> Source data:
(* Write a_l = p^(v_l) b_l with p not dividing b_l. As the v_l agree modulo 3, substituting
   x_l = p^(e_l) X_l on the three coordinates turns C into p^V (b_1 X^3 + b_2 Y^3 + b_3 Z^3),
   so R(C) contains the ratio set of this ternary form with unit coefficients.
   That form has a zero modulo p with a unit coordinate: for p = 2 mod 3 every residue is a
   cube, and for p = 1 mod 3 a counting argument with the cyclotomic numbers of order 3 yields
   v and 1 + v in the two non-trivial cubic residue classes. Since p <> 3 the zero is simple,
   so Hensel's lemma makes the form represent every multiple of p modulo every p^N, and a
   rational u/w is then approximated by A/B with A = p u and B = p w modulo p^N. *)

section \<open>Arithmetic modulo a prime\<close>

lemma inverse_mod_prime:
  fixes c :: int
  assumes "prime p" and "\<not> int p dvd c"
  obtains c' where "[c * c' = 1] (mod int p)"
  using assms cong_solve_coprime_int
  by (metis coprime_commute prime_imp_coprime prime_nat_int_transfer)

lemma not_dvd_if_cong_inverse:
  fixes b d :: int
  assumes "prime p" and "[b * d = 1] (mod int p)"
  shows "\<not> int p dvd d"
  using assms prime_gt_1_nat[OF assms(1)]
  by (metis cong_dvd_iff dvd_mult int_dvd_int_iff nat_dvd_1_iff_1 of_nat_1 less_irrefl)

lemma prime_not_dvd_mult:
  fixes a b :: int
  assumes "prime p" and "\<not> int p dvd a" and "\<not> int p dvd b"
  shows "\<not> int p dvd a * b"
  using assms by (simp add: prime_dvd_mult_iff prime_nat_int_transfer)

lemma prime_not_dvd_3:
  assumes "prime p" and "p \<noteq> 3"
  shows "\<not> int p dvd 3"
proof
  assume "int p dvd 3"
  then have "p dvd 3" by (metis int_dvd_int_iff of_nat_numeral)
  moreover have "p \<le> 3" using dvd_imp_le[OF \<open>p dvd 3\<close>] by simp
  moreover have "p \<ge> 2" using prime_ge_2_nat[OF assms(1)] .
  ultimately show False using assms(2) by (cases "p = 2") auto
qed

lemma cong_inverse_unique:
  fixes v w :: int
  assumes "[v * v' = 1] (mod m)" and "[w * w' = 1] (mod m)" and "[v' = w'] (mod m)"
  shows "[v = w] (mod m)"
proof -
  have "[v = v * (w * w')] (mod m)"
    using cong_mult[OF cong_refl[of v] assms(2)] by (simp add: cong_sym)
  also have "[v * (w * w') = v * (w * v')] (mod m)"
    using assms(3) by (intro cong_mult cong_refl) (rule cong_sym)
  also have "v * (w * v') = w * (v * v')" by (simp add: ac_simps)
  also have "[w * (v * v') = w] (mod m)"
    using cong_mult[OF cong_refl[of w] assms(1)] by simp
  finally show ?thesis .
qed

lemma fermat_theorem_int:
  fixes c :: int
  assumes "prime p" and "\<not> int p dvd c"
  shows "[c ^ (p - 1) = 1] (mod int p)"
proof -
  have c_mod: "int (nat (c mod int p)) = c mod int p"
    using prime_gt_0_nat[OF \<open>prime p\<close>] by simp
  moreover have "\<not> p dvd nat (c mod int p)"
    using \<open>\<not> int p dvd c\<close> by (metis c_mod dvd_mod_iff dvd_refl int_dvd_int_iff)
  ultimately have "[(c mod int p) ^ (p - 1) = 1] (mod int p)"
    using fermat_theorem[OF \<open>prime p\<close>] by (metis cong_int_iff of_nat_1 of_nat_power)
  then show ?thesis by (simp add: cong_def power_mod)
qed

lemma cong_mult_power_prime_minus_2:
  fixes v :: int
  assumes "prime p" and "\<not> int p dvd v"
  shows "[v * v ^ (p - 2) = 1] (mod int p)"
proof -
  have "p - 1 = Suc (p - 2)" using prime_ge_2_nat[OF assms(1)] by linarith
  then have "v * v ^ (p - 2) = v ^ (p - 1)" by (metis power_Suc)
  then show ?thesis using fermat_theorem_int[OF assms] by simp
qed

> Problem statement: Tell how many lines above contain the word "lemma". Nothing but the number is needed.

> Answer to this task: 8